theorem dC2_comp_upto:
  "dC2 (comp_upto u n) (comp_upto v n) \<le> comparison_const A B * (\<Sum>i=1..n. \<alpha> i)"
proof -
  define G where "G = comp_upto u n"
  define H where "H = comp_upto v n"
  have "u \<in> {u, v}" "v \<in> {u, v}" by auto
  note U = partial_bounds[OF this(1) order_refl, folded G_def]
    and V = partial_bounds[OF this(2) order_refl, folded H_def]
  have gapn: "\<And>x. x \<in> {0..1} \<Longrightarrow> \<bar>nonlin G x - nonlin H x\<bar> \<le> gap n"
    using nonlin_gap[of n] unfolding G_def H_def by auto
  have gap0: "gap n \<ge> 0" using gapn[of 0] by auto
  have D2: "\<bar>Dw (Dw G) x - Dw (Dw H) x\<bar> \<le> (Em + Em * Pt * Kd) * gap n" if x: "x \<in> {0..1}" for x
  proof -
    have pos: "Dw G x > 0" "Dw H x > 0" using c2_normalizedD(3) U(1) V(1) x by auto
    have "Dw (Dw G) x - Dw (Dw H) x = (nonlin G x - nonlin H x) * Dw G x + nonlin H x * (Dw G x - Dw H x)"
      using pos unfolding nonlin_def by (simp add: field_simps)
    also have "\<bar>\<dots>\<bar> \<le> gap n * Em + (Em * Pt) * (Kd * gap n)"
    proof -
      have "\<bar>(nonlin G x - nonlin H x) * Dw G x\<bar> \<le> gap n * Em"
        unfolding abs_mult using gapn[OF x] U(2)[OF x] pos gap0 by (intro mult_mono) auto
      moreover have "\<bar>nonlin H x * (Dw G x - Dw H x)\<bar> \<le> (Em * Pt) * (Kd * gap n)"
        unfolding abs_mult using V(3)[OF x] C1_gap(1)[OF order_refl gapn[unfolded G_def H_def] x]
          Em_ge_1 Pt_nonneg by (intro mult_mono) (auto simp: G_def H_def)
      ultimately show ?thesis by linarith
    qed
    finally show ?thesis by (simp add: algebra_simps)
  qed
  have "dC2 G H \<le> Kd * gap n + Kd * gap n + (Em + Em * Pt * Kd) * gap n"
    by (rule dC2_le) (use D2 C1_gap[OF order_refl gapn[unfolded G_def H_def]] in \<open>auto simp: G_def H_def\<close>)
  also have "\<dots> = (2 * Kd + Em + Em * Pt * Kd) * gap n" by (simp add: algebra_simps)
  also have "\<dots> \<le> (2 * Kd + Em + Em * Pt * Kd) * (exp (Kd * B) * (2 * Em) * (\<Sum>i=1..n. \<alpha> i))"
  proof (rule mult_left_mono)
    have "0 \<le> (\<Sum>i=1..n. \<alpha> i)" using alpha_nonneg by (intro sum_nonneg) auto
    moreover have "exp (Kd * (\<Sum>i=1..n. \<beta> i)) \<le> exp (Kd * B)" using sB Kd_ge_1 by simp
    ultimately show "gap n \<le> exp (Kd * B) * (2 * Em) * (\<Sum>i=1..n. \<alpha> i)"
      unfolding gap_def using Em_ge_1 by (simp add: mult_right_mono mult.assoc)
    show "0 \<le> 2 * Kd + Em + Em * Pt * Kd" using Kd_ge_1 Em_ge_1 Pt_nonneg by simp
  qed
  also have "\<dots> = comparison_const A B * (\<Sum>i=1..n. \<alpha> i)"
    by (simp add: comparison_const_def Let_def Kd_def Em_def Pt_def)
  finally show ?thesis unfolding G_def H_def .
qed

end

lemma integral_01_between:
  fixes h :: "real \<Rightarrow> real"
  assumes "continuous_on {0..1} h" "\<And>y. y \<in> {0..1::real} \<Longrightarrow> lo \<le> h y \<and> h y \<le> hi"
  shows "lo \<le> integral {0..1} h \<and> integral {0..1} h \<le> hi"
proof -
  have i: "h integrable_on {0..1}" by (rule integrable_continuous_interval[OF assms(1)])
  have c: "(\<lambda>x. c) integrable_on {0..1::real}" for c :: real
    using integrable_const[of c 0 "1::real"] by simp
  show ?thesis
    using integral_le[OF c[of lo] i] integral_le[OF i c[of hi]] assms(2) by auto
qed

lemma affine_01_in_01:
  fixes a b x :: real
  assumes "0 \<le> a" "a < b" "b \<le> 1" "x \<in> {0..1}"
  shows "a + x * (b - a) \<in> {0..1}"
proof -
  have "0 \<le> x" "0 \<le> b - a" using assms by auto
  then have "0 \<le> x * (b - a)" by (rule mult_nonneg_nonneg)
  moreover have "x * (b - a) \<le> b - a" using assms by (intro mult_left_le_one_le) auto
  ultimately have "0 \<le> a + x * (b - a)" "a + x * (b - a) \<le> 1" using assms by linarith+
  then show ?thesis by simp
qed

lemma zoom_c2_normalized:
  assumes cg: "c2_normalized g" and ab: "0 \<le> a" "a < b" "b \<le> 1"
  shows "c2_normalized (zoom a b g)"
    and "\<And>x. x \<in> {0..1} \<Longrightarrow> nonlin (zoom a b g) x = (b - a) * nonlin g (a + x * (b - a))"
proof -
  define d where "d = b - a"
  define K where "K = g b - g a"
  have d0: "d > 0" using ab d_def by simp
  have K0: "K > 0" unfolding K_def using c2_normalized_strict_mono[OF cg, of a b] ab by auto
  have Ain: "a + x * d \<in> {0..1}" if "x \<in> {0..1}" for x
    using affine_01_in_01[OF ab that] unfolding d_def .
  have sub: "(\<lambda>x. a + x * d) ` {0..1} \<subseteq> {0..1}" using Ain by auto
  have dA: "((\<lambda>x. a + x * d) has_real_derivative d) (at x within {0..1})" for x
    by (auto intro!: derivative_eq_intros)
  have chain: "((\<lambda>x. F (a + x * d)) has_real_derivative F' (a + x * d) * d) (at x within {0..1})"
    if "x \<in> {0..1}" "\<And>y. y \<in> {0..1} \<Longrightarrow> (F has_real_derivative F' y) (at y within {0..1})" for x F F'
    using DERIV_image_chain[OF DERIV_subset[OF that(2)[OF Ain[OF that(1)]] sub] dA] by (simp add: o_def)
  have z: "zoom a b g = (\<lambda>x. (g (a + x * d) - g a) / K)"
    unfolding d_def K_def by (rule ext) (simp add: zoom_def)
  have d1: "(zoom a b g has_real_derivative Dw g (a + x * d) * d / K) (at x within {0..1})"
    if "x \<in> {0..1}" for x
    unfolding z using chain[OF that c2_normalizedD(1)[OF cg]] K0 by (auto intro!: derivative_eq_intros)
  have e1: "Dw (zoom a b g) x = Dw g (a + x * d) * d / K" if "x \<in> {0..1}" for x
    by (rule Dw_eq[OF d1[OF that] that])
  have d2: "(Dw (zoom a b g) has_real_derivative Dw (Dw g) (a + x * d) * d * d / K) (at x within {0..1})"
    if "x \<in> {0..1}" for x
  proof (rule has_derivative_01_cong[OF _ that])
    show "((\<lambda>x. Dw g (a + x * d) * d / K) has_real_derivative Dw (Dw g) (a + x * d) * d * d / K)
        (at x within {0..1})"
      using chain[OF that c2_normalizedD(2)[OF cg]] K0 by (auto intro!: derivative_eq_intros)
  qed (simp add: e1)
  have e2: "Dw (Dw (zoom a b g)) x = Dw (Dw g) (a + x * d) * d * d / K" if "x \<in> {0..1}" for x
    by (rule Dw_eq[OF d2[OF that] that])
  show "c2_normalized (zoom a b g)" unfolding c2_normalized_def
  proof (intro conjI ballI)
    fix x :: real assume x: "x \<in> {0..1}"
    show "(zoom a b g has_real_derivative Dw (zoom a b g) x) (at x within {0..1})" using d1[OF x] e1[OF x] by simp
    show "(Dw (zoom a b g) has_real_derivative Dw (Dw (zoom a b g)) x) (at x within {0..1})"
      using d2[OF x] e2[OF x] by simp
    show "Dw (zoom a b g) x > 0" using e1[OF x] c2_normalizedD(3)[OF cg Ain[OF x]] d0 K0 by simp
  qed (use K0 in \<open>simp_all add: zoom_def K_def\<close>)
  show "nonlin (zoom a b g) x = (b - a) * nonlin g (a + x * (b - a))" if "x \<in> {0..1}" for x
    using c2_normalizedD(3)[OF cg Ain[OF that]] d0 K0
    unfolding nonlin_def e1[OF that] e2[OF that] d_def[symmetric]
    by (simp add: field_simps)
qed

------

**Task instructions**
I'd like every line with the string "where" copied from the listing.

**Response**
  define G where "G = comp_upto u n"
  define H where "H = comp_upto v n"
  define d where "d = b - a"
  define K where "K = g b - g a"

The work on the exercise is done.